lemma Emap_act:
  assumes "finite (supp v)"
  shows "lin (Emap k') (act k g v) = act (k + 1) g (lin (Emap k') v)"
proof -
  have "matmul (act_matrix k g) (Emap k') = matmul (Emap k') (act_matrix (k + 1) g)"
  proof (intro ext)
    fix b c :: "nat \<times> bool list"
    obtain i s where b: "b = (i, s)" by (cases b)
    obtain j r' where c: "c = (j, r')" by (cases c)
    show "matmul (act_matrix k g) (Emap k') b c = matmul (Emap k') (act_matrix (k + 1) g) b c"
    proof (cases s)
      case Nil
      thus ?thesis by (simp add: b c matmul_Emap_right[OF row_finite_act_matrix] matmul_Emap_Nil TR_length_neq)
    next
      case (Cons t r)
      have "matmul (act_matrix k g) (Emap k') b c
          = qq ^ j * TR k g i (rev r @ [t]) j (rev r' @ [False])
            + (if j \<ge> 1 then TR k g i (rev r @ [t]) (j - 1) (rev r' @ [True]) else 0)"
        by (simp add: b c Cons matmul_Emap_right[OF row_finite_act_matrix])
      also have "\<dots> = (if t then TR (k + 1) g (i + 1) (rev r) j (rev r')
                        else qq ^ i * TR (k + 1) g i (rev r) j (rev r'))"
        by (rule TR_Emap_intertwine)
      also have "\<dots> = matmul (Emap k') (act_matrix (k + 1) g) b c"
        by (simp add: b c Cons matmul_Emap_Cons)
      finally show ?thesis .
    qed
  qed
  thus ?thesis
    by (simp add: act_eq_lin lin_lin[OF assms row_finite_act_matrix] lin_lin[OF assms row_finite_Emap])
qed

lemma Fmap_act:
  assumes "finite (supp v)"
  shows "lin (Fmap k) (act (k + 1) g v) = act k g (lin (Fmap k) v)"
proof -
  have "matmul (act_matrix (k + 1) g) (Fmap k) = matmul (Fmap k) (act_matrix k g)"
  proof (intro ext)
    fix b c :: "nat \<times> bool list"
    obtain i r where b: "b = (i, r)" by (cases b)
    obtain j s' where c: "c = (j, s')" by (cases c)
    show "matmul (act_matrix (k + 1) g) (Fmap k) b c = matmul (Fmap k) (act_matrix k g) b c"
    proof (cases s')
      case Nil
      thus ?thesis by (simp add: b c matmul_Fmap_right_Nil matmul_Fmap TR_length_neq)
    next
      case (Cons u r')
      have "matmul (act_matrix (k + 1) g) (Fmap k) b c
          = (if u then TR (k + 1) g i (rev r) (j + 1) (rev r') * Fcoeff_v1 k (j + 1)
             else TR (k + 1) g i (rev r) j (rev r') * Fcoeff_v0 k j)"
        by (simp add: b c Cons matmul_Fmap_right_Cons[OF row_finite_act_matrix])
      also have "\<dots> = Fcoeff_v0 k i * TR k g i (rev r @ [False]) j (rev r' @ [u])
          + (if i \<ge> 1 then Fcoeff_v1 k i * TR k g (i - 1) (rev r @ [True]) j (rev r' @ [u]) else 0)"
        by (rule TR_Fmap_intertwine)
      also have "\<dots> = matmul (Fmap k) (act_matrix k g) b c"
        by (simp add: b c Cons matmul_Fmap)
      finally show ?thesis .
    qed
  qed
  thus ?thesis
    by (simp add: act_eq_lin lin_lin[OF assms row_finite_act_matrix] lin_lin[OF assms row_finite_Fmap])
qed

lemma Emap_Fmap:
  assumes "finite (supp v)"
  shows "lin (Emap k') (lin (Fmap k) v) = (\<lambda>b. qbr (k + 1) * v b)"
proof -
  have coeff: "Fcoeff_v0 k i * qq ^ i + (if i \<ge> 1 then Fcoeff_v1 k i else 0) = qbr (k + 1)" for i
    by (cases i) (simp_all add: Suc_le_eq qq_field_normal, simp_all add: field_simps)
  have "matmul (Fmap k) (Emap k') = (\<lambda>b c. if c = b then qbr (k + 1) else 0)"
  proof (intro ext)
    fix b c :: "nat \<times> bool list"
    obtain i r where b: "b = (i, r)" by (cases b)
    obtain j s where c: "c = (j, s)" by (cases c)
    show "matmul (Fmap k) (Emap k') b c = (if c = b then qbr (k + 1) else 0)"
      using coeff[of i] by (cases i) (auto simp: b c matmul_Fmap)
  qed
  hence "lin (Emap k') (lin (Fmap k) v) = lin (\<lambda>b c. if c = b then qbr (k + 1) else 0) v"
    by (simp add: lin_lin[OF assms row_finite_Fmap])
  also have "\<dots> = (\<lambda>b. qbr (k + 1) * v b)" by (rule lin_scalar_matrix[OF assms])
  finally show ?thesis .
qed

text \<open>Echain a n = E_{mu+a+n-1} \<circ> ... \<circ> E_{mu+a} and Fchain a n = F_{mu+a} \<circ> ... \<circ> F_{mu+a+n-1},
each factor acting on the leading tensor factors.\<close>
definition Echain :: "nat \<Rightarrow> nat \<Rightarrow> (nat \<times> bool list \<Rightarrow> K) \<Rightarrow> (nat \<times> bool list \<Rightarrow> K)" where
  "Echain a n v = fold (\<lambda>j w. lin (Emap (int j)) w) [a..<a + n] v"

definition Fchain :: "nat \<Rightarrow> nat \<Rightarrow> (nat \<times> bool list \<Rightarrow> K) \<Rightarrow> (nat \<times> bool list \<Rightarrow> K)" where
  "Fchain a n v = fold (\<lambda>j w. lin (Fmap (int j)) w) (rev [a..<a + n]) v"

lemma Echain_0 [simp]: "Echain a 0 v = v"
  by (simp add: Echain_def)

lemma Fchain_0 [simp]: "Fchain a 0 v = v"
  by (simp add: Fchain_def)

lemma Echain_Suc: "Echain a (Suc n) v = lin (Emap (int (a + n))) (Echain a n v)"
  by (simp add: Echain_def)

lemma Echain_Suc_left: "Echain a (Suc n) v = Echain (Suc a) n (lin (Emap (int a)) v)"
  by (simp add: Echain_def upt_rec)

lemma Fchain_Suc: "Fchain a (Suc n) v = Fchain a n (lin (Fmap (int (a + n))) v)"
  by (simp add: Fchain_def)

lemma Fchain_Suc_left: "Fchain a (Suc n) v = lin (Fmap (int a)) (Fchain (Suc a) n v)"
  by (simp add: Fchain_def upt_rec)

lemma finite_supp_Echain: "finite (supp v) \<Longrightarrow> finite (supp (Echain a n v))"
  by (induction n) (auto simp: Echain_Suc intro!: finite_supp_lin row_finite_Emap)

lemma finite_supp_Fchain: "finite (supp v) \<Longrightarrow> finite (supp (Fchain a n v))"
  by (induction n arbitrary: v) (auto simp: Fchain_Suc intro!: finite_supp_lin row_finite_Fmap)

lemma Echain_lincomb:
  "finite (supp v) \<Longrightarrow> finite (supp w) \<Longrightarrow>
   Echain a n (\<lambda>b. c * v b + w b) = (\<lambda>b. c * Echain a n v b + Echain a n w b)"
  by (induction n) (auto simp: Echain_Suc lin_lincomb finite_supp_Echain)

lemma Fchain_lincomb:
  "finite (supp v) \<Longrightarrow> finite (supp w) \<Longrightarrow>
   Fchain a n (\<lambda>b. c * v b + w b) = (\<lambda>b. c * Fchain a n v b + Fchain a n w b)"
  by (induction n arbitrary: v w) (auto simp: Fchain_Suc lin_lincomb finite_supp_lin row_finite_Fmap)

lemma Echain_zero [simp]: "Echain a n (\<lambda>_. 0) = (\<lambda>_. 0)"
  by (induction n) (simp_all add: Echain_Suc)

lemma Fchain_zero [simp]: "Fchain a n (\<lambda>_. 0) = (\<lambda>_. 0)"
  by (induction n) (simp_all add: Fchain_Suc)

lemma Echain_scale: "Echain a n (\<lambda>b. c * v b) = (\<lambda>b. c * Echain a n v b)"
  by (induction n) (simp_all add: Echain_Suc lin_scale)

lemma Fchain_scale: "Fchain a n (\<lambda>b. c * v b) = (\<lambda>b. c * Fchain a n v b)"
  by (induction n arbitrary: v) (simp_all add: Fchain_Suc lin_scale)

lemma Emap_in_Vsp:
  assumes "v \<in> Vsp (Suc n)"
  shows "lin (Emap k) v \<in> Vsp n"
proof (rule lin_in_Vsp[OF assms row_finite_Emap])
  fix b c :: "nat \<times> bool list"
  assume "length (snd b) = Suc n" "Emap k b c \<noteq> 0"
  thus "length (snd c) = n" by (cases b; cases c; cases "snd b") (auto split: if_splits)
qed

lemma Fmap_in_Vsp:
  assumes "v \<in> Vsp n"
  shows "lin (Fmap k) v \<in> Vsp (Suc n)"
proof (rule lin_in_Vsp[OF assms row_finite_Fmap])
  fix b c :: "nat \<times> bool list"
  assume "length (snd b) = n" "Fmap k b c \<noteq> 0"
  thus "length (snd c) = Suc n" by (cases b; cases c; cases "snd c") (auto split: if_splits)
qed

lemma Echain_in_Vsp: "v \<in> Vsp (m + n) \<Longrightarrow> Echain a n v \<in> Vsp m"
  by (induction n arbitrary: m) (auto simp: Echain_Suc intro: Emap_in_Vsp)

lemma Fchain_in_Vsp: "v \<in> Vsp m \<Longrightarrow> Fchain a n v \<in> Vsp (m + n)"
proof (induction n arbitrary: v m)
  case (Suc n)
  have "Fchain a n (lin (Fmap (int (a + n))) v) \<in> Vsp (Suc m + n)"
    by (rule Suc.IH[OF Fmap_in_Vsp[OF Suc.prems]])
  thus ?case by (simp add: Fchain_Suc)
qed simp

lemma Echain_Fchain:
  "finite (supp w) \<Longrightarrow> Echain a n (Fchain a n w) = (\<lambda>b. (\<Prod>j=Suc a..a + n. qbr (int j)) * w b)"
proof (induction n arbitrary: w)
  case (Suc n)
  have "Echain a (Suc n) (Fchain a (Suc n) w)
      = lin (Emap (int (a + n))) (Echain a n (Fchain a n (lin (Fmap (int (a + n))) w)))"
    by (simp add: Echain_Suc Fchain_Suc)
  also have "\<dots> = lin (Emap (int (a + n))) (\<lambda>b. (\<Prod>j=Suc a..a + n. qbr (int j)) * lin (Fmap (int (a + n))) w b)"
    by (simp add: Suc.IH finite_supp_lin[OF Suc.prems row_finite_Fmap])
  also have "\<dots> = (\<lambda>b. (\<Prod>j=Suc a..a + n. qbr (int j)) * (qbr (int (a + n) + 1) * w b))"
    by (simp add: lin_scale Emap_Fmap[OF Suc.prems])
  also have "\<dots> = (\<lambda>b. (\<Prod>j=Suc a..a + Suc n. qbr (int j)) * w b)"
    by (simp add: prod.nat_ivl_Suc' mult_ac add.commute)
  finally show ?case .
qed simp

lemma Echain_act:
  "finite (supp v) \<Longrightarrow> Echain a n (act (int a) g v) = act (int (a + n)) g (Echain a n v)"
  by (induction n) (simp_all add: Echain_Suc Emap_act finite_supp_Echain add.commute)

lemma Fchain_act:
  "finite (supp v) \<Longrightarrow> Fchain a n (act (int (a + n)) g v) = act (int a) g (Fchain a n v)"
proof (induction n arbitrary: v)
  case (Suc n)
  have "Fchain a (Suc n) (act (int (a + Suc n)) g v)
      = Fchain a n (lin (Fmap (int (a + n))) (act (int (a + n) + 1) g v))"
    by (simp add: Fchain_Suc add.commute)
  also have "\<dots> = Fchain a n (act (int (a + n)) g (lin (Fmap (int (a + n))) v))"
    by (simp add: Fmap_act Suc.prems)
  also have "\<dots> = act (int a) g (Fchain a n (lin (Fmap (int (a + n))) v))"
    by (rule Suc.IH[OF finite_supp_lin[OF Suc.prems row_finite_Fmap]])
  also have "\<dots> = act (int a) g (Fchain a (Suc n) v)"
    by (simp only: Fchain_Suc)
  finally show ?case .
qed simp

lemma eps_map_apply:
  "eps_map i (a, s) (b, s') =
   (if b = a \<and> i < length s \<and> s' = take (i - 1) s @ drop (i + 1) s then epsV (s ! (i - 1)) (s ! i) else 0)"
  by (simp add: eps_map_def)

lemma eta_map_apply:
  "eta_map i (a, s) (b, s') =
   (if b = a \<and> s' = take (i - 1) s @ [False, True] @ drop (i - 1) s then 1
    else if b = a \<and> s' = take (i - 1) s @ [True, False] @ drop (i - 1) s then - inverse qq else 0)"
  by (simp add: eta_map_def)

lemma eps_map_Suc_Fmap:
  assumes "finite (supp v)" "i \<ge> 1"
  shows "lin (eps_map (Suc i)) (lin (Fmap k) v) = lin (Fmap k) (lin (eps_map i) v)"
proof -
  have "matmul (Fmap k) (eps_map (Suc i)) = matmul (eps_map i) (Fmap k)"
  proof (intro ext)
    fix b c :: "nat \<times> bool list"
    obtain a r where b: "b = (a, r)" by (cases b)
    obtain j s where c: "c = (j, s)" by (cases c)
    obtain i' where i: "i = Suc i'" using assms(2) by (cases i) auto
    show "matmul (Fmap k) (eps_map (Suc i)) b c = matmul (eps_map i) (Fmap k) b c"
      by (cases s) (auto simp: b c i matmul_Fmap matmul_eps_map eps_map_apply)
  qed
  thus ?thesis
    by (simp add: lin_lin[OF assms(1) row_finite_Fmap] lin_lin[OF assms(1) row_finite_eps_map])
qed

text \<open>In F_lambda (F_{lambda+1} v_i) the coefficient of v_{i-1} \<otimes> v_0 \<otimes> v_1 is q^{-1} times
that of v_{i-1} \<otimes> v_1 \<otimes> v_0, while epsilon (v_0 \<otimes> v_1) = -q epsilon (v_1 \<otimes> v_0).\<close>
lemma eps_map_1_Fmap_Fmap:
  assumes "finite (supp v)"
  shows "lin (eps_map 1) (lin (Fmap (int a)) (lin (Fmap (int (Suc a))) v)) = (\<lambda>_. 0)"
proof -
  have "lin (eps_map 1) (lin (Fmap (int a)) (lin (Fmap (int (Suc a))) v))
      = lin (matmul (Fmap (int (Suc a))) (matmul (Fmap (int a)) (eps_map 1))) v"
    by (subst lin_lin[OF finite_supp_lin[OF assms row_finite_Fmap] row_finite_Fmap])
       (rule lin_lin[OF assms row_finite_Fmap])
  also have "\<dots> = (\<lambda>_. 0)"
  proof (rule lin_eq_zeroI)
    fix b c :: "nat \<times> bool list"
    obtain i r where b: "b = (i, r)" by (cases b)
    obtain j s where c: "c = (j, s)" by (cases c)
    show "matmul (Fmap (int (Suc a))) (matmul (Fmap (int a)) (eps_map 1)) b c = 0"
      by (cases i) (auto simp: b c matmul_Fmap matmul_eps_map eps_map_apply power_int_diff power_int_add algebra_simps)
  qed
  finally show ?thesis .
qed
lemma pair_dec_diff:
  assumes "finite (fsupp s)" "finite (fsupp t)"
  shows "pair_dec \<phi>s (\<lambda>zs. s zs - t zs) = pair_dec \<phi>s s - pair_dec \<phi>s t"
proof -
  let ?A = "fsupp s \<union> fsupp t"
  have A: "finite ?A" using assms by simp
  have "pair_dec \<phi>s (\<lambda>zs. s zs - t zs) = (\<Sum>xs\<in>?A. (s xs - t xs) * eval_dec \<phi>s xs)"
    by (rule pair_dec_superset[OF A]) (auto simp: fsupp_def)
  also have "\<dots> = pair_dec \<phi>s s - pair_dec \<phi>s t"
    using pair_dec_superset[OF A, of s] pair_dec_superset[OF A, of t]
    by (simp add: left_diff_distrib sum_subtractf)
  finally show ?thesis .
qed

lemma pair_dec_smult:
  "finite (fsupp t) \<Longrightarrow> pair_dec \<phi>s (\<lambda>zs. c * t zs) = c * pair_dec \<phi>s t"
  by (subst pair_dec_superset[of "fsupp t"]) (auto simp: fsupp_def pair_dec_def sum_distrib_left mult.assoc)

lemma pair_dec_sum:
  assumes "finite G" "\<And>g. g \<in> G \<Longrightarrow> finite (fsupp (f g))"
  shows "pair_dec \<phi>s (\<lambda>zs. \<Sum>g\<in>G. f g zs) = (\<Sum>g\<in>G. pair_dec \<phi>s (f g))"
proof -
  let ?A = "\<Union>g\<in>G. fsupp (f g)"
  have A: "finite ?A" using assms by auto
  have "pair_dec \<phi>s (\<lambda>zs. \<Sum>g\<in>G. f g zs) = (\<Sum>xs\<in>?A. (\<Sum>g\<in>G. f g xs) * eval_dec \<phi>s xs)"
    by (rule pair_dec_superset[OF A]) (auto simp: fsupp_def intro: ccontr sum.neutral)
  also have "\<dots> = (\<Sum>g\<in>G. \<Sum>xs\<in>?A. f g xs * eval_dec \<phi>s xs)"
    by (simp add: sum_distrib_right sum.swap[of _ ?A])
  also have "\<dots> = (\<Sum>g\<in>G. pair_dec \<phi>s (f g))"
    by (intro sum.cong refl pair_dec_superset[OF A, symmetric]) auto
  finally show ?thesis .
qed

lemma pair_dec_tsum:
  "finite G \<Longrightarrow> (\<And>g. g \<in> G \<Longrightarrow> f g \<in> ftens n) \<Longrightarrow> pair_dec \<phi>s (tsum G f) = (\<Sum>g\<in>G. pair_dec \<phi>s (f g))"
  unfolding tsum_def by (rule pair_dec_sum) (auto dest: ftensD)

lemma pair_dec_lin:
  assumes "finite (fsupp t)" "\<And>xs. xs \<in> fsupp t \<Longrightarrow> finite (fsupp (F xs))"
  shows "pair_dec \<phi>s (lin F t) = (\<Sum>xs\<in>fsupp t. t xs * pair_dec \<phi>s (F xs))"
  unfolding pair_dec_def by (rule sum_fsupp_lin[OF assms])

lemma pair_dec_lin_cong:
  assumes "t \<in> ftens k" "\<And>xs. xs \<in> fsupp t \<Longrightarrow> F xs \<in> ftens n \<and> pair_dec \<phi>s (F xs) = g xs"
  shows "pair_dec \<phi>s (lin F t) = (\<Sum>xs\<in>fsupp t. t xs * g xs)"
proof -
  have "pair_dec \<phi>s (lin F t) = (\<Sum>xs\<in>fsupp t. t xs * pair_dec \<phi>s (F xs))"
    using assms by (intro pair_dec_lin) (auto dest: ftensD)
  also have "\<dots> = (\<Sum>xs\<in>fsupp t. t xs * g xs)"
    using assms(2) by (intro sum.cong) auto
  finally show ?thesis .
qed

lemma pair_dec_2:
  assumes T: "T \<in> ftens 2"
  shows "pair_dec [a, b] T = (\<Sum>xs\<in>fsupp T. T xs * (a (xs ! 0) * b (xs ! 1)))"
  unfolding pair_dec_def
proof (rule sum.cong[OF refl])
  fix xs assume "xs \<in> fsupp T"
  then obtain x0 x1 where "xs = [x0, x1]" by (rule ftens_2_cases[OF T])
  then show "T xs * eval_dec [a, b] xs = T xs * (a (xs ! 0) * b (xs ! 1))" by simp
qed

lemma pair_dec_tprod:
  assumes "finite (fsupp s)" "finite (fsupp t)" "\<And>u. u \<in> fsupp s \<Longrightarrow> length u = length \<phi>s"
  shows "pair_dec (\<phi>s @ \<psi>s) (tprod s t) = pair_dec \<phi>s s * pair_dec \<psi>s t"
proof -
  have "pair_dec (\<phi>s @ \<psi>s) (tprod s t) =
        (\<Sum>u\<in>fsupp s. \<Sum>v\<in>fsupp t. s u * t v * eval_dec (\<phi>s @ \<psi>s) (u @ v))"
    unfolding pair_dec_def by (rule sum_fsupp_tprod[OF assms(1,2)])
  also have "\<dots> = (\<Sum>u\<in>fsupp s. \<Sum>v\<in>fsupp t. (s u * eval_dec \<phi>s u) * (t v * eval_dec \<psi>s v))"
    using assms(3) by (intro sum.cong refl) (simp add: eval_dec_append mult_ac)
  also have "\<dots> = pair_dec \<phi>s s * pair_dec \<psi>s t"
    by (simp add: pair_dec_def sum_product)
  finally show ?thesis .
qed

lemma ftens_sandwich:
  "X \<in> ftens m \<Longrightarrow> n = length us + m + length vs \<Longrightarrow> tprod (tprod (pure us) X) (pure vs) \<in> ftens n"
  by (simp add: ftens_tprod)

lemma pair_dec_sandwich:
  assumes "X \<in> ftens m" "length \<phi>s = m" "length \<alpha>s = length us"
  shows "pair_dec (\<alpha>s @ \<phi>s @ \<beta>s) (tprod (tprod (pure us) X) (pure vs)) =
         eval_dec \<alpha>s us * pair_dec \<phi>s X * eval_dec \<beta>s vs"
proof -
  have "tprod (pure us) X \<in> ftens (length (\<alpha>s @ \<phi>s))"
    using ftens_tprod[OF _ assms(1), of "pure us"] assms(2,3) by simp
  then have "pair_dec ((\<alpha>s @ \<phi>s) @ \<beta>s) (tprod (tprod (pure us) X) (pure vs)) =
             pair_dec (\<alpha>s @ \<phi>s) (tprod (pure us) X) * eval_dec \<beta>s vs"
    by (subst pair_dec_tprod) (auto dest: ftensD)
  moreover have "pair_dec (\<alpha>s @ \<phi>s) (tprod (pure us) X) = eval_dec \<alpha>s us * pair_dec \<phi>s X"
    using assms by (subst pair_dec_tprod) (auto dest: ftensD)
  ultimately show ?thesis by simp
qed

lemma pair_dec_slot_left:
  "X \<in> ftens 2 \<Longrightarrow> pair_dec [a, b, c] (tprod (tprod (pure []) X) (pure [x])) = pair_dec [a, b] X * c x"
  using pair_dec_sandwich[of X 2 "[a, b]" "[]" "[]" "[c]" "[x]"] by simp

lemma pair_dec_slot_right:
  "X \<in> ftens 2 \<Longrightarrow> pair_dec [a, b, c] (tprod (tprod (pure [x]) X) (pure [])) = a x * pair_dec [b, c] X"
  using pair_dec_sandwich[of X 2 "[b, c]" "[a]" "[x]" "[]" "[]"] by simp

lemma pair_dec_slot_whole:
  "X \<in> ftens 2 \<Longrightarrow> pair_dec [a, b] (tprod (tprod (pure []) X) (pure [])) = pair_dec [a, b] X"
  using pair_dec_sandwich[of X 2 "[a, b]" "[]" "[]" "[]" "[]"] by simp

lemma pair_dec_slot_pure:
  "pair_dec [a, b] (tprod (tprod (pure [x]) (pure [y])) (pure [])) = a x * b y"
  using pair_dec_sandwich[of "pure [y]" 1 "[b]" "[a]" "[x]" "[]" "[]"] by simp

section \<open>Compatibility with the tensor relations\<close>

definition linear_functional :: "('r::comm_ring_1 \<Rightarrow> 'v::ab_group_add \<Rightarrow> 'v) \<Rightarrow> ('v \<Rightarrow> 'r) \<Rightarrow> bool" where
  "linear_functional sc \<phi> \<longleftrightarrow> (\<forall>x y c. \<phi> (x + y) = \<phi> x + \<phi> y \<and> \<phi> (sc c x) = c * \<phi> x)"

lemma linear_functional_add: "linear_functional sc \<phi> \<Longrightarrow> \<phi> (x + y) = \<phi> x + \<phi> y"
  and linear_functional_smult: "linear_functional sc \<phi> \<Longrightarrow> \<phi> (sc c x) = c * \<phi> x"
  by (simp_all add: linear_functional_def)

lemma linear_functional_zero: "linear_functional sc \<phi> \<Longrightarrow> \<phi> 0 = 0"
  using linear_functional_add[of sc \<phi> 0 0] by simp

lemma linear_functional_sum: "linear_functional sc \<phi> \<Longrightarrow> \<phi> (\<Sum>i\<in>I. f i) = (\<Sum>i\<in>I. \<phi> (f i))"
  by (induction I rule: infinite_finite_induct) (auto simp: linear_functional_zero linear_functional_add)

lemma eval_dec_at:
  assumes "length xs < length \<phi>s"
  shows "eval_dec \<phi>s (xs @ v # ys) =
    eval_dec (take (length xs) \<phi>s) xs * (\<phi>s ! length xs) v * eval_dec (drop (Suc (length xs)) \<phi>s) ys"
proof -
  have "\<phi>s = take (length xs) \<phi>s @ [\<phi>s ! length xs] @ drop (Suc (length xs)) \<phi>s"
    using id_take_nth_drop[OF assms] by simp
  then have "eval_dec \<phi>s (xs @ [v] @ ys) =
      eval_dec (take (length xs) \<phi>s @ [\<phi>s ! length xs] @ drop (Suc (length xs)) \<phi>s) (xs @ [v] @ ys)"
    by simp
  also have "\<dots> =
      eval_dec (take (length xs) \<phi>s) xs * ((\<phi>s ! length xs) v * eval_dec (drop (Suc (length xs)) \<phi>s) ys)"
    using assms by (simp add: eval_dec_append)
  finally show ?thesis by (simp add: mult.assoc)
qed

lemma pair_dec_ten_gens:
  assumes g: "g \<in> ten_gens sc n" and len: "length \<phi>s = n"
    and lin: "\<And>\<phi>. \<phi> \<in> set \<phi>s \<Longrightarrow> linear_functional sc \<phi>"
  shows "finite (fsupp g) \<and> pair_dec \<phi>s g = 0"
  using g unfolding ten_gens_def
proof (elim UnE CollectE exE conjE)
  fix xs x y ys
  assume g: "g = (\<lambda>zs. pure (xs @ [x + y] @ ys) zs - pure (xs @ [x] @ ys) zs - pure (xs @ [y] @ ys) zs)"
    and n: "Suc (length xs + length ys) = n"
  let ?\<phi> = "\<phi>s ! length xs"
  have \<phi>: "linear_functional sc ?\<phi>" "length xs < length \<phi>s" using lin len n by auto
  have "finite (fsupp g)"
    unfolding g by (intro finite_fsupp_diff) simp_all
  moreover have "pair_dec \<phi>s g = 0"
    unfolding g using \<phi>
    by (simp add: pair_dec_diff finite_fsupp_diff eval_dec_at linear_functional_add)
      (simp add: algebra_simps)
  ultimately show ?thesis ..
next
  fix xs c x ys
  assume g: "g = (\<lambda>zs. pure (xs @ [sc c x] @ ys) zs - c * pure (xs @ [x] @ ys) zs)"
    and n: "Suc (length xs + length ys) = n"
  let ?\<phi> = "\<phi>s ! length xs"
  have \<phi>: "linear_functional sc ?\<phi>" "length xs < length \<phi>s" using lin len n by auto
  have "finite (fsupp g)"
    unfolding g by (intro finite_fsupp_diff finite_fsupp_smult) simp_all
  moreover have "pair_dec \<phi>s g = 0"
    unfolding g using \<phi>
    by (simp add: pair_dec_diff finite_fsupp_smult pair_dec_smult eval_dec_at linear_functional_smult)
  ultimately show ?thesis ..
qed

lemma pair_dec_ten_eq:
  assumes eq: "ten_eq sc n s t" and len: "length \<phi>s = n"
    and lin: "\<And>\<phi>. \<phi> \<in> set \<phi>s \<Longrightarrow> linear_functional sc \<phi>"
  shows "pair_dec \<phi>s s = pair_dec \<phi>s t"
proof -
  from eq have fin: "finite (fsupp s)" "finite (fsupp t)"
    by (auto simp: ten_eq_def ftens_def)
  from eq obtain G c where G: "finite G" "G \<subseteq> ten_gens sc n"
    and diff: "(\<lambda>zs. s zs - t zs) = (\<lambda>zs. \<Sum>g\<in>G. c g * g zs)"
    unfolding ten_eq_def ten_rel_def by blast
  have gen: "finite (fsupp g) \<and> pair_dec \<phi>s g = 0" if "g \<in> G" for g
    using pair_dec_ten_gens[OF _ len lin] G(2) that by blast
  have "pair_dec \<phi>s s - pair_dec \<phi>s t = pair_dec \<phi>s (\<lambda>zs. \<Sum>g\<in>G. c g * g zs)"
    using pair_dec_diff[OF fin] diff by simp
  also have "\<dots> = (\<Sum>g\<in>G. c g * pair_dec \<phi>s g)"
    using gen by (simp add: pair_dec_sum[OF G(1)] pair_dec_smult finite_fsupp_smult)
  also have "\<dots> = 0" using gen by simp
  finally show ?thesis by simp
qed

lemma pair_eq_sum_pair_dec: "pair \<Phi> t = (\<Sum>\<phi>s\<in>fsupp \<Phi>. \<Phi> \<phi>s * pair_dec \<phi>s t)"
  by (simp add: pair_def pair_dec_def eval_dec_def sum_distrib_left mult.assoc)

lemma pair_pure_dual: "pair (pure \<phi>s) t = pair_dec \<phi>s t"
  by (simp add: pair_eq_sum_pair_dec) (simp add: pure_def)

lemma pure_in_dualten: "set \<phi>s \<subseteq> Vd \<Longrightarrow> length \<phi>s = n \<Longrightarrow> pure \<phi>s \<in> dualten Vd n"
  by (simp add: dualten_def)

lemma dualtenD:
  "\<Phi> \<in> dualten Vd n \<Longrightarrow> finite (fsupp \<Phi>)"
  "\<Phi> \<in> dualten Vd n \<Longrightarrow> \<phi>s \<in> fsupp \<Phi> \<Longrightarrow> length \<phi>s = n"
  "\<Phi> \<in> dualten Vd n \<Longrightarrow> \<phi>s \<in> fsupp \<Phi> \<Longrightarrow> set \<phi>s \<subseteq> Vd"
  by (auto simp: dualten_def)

◆ ◆ ◆ ◆

Show all of the lines above in which "close" is present.

▶ _FINAL ANSWER_
each factor acting on the leading tensor factors.\<close>
that of v_{i-1} \<otimes> v_1 \<otimes> v_0, while epsilon (v_0 \<otimes> v_1) = -q epsilon (v_1 \<otimes> v_0).\<close>
section \<open>Compatibility with the tensor relations\<close>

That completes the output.